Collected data
§ §
lemma cinner_eq_0_iff: "cinner x y = 0 \<longleftrightarrow> orthogonal x y \<and> orthogonal (\<i> *s x) y"
  by (simp add: complex_eq_iff Re_cinner Im_cinner orthogonal_def)

lemma cnj_cinner: "cnj (cinner x y) = cinner y x"
  by (simp add: cinner_def mult.commute)

lemma cinner_scaleR_left: "cinner (c *\<^sub>R x) y = of_real c * cinner x y"
  unfolding cinner_def vector_scaleR_component by (simp add: sum_distrib_left scaleR_conv_of_real mult_ac)

lemma cinner_self: "cinner x x = of_real ((norm x)\<^sup>2)"
proof -
  have "Im (cinner x x) = 0" by (simp add: cinner_def)
  then show ?thesis by (simp add: complex_eq_iff Re_cinner power2_norm_eq_inner)
qed

lemma cinner_adjoint: "cinner x (A *v y) = cinner (cadj A *v x) y"
proof -
  have "cinner x (A *v y) = (\<Sum>i\<in>UNIV. \<Sum>j\<in>UNIV. cnj (x$i) * A$i$j * y$j)"
    unfolding cinner_def matrix_vector_mult_def by (simp add: sum_distrib_left mult_ac)
  also have "\<dots> = (\<Sum>j\<in>UNIV. \<Sum>i\<in>UNIV. cnj (x$i) * A$i$j * y$j)"
    by (rule sum.swap)
  also have "\<dots> = cinner (cadj A *v x) y"
    unfolding cinner_def matrix_vector_mult_def cadj_def by (simp add: sum_distrib_left mult_ac)
  finally show ?thesis .
qed

lemma cadj_cadj [simp]: "cadj (cadj A) = A"
  by (simp add: cadj_def vec_eq_iff)

lemma inner_cadj: "x \<bullet> (cadj A *v y) = (A *v x) \<bullet> y"
  by (simp add: Re_cinner[symmetric] cinner_adjoint)

lemma cadj_mult: "cadj (A ** B) = cadj B ** cadj A"
  by (simp add: cadj_def matrix_matrix_mult_def vec_eq_iff mult.commute)

lemma cadj_rdiag [simp]: "cadj (rdiag d) = rdiag d"
  by (simp add: cadj_def rdiag_def vec_eq_iff)
(* Let $D$ be a positive squarefree integer with $N(\varepsilon)=-1$, and let $Z_D(s)=\sum_{n\ge1}F_D(n)^{-s}$ for $\operatorname{Re}s>0$. Then $Z_D$ has meromorphic continuation to $\mathbb{C}$ given by \[ Z_D(s)=q^{s/2}\sum_{k\ge0}\binom{-s}{k}\frac{1}{\varepsilon^{s+2k}+(-1)^{k+1}}, \] and its only poles are simple poles located at $s=-2k+\frac{(2n+k)\pi i}{\log\varepsilon}$ with $k,n\in\mathbb{Z}$, $k\ge0$.
   Context: $D$ positive squarefree, $\mathcal{O}_D$ the ring of integers of $\mathbb{Q}(\sqrt D)\subset\mathbb{R}$, $\varepsilon>1$ its fundamental unit, $\overline{\varepsilon}$ its conjugate, $N$ the norm. $q=D$ if $D\equiv1\bmod4$, else $q=4D$. $F_D(n)=(\varepsilon^n-\overline{\varepsilon}^{\,n})/\sqrt q$. $\binom{-s}{k}=\frac{(-s)(-s-1)\cdots(-s-k+1)}{k!}$. *)

theory Defs
  imports "HOL-Complex_Analysis.Complex_Analysis" "HOL-Computational_Algebra.Squarefree"
begin

definition ring_of_integers :: "int \<Rightarrow> real set" where
  "ring_of_integers D = {x. \<exists>a b::int. x = (of_int a + of_int b * sqrt (of_int D)) / 2 \<and>
      (if D mod 4 = 1 then even (a - b) else even a \<and> even b)}"

definition units_OD :: "int \<Rightarrow> real set" where
  "units_OD D = {u \<in> ring_of_integers D. \<exists>v \<in> ring_of_integers D. u * v = 1}"
abbreviation twist :: "'h \<Rightarrow> 'm \<Rightarrow> 'm" where
  "twist \<equiv> T_twist Delta S act T"

lemmas linear_compose_intros =
  linear_compose'[OF S_linear] linear_compose'[OF linear_mult_right]
  linear_compose'[OF linear_mult_left] linear_compose'[OF act_linear_left]
  linear_compose'[OF T_linear] act_linear_left act_linear_right

lemma twist_eq: "twist h m = (\<Sum>(a,b)\<leftarrow>Delta h. act a (T (act (S b) m)))"
  by (simp add: T_twist_def)

lemma linear_twist_left: "Vector_Spaces.linear sc scM (\<lambda>h. twist h m)"
  unfolding T_twist_def
  by (rule linear_sum_Delta[OF M_vs act_linear_left])
    (intro linear_compose_intros)

lemma linear_twist_right: "Vector_Spaces.linear scM scM (twist h)"
proof -
  have "Vector_Spaces.linear scM scM (\<lambda>m. \<Sum>x\<leftarrow>Delta h. (\<lambda>(a,b). act a (T (act (S b) m))) x)"
    by (rule linear_sum_list_fun[OF M_vs M_vs])
      (auto intro!: linear_compose'[OF act_linear_right] linear_compose_intros)
  then show ?thesis unfolding T_twist_def by (simp add: split_def)
qed

lemma T_act_antipode: "T (act (S h) m) = (\<Sum>(a,b)\<leftarrow>Delta h. act (S a) (twist b m))"
proof -
  have "(\<Sum>(a,b)\<leftarrow>Delta h. act (S a) (twist b m))
      = (\<Sum>(a,b)\<leftarrow>Delta h. \<Sum>(c,d)\<leftarrow>Delta b. act (S a * c) (T (act (S d) m)))"
    by (simp add: twist_eq linear_sum_list_prod[OF act_linear_right] act_mult)
  also have "\<dots> = (\<Sum>(a,b)\<leftarrow>Delta h. \<Sum>(c,d)\<leftarrow>Delta a. act (S c * d) (T (act (S b) m)))"
    by (rule coassoc_sum[OF M_vs, symmetric]) (intro linear_compose_intros)+
  also have "\<dots> = (\<Sum>(a,b)\<leftarrow>Delta h. act (\<Sum>(c,d)\<leftarrow>Delta a. S c * d) (T (act (S b) m)))"
    by (simp add: linear_sum_list_prod[OF act_linear_left])
  also have "\<dots> = (\<Sum>(a,b)\<leftarrow>Delta h. T (act (S (sc (eps a) b)) m))"
    by (simp add: antipode_left act_one linear_homogeneous[OF act_linear_left]
        linear_homogeneous[OF S_linear] linear_homogeneous[OF T_linear])
  also have "\<dots> = T (act (S (\<Sum>(a,b)\<leftarrow>Delta h. sc (eps a) b)) m)"
    by (rule linear_sum_list_prod[symmetric, of sc scM]) (intro linear_compose_intros T_linear)
  finally show ?thesis by (simp add: counit_left)
qed
section \<open>Likelihood ratios against a reference process\<close>

text \<open>The roll-out \<open>gen\<close> with the law \<open>R\<close> of the reward and the law \<open>E\<close> of the next observation as
  parameters.\<close>
primrec rollout :: "nat \<Rightarrow> nat \<Rightarrow> (nat \<Rightarrow> nat \<Rightarrow> bool \<Rightarrow> bool pmf) \<Rightarrow> (nat \<Rightarrow> nat \<Rightarrow> bool \<Rightarrow> nat pmf)
    \<Rightarrow> (step list \<Rightarrow> nat \<Rightarrow> bool) \<Rightarrow> nat \<Rightarrow> nat \<Rightarrow> step list \<Rightarrow> step list pmf" where
  "rollout 0 H R E act h x ps = return_pmf ps"
| "rollout (Suc n) H R E act h x ps =
     (let a = act ps x in
      bind_pmf (R h x a) (\<lambda>r.
        let ps' = ps @ [(x, a, r)] in
        if H \<le> h then return_pmf ps'
        else bind_pmf (E h x a) (\<lambda>x'. rollout n H R E act (Suc h) x' ps')))"

lemma gen_eq_rollout:
  "gen n H \<theta> act h x ps = rollout n H
     (\<lambda>h x a. reward_pmf H (fst \<theta>) h (snd \<theta> h x) a)
     (\<lambda>h x a. emit H (snd \<theta>) (Suc h) (next_lat (fst \<theta>) h (snd \<theta> h x) a)) act h x ps"
proof (induction n arbitrary: h x ps)
  case (Suc n)
  show ?case
    unfolding gen.simps rollout.simps Let_def Suc.IH ..
qed simp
§ §
WHAT YOU NEED TO DO
Among the records above, extract exactly the lines from the line with "then show ?thesis by" to the line with "(* Let $D$ be", both lines included, and leave out the rest.

EXERCISE OUTPUT
  then show ?thesis by (simp add: complex_eq_iff Re_cinner power2_norm_eq_inner)
qed

lemma cinner_adjoint: "cinner x (A *v y) = cinner (cadj A *v x) y"
proof -
  have "cinner x (A *v y) = (\<Sum>i\<in>UNIV. \<Sum>j\<in>UNIV. cnj (x$i) * A$i$j * y$j)"
    unfolding cinner_def matrix_vector_mult_def by (simp add: sum_distrib_left mult_ac)
  also have "\<dots> = (\<Sum>j\<in>UNIV. \<Sum>i\<in>UNIV. cnj (x$i) * A$i$j * y$j)"
    by (rule sum.swap)
  also have "\<dots> = cinner (cadj A *v x) y"
    unfolding cinner_def matrix_vector_mult_def cadj_def by (simp add: sum_distrib_left mult_ac)
  finally show ?thesis .
qed

lemma cadj_cadj [simp]: "cadj (cadj A) = A"
  by (simp add: cadj_def vec_eq_iff)

lemma inner_cadj: "x \<bullet> (cadj A *v y) = (A *v x) \<bullet> y"
  by (simp add: Re_cinner[symmetric] cinner_adjoint)

lemma cadj_mult: "cadj (A ** B) = cadj B ** cadj A"
  by (simp add: cadj_def matrix_matrix_mult_def vec_eq_iff mult.commute)

lemma cadj_rdiag [simp]: "cadj (rdiag d) = rdiag d"
  by (simp add: cadj_def rdiag_def vec_eq_iff)
(* Let $D$ be a positive squarefree integer with $N(\varepsilon)=-1$, and let $Z_D(s)=\sum_{n\ge1}F_D(n)^{-s}$ for $\operatorname{Re}s>0$. Then $Z_D$ has meromorphic continuation to $\mathbb{C}$ given by \[ Z_D(s)=q^{s/2}\sum_{k\ge0}\binom{-s}{k}\frac{1}{\varepsilon^{s+2k}+(-1)^{k+1}}, \] and its only poles are simple poles located at $s=-2k+\frac{(2n+k)\pi i}{\log\varepsilon}$ with $k,n\in\mathbb{Z}$, $k\ge0$.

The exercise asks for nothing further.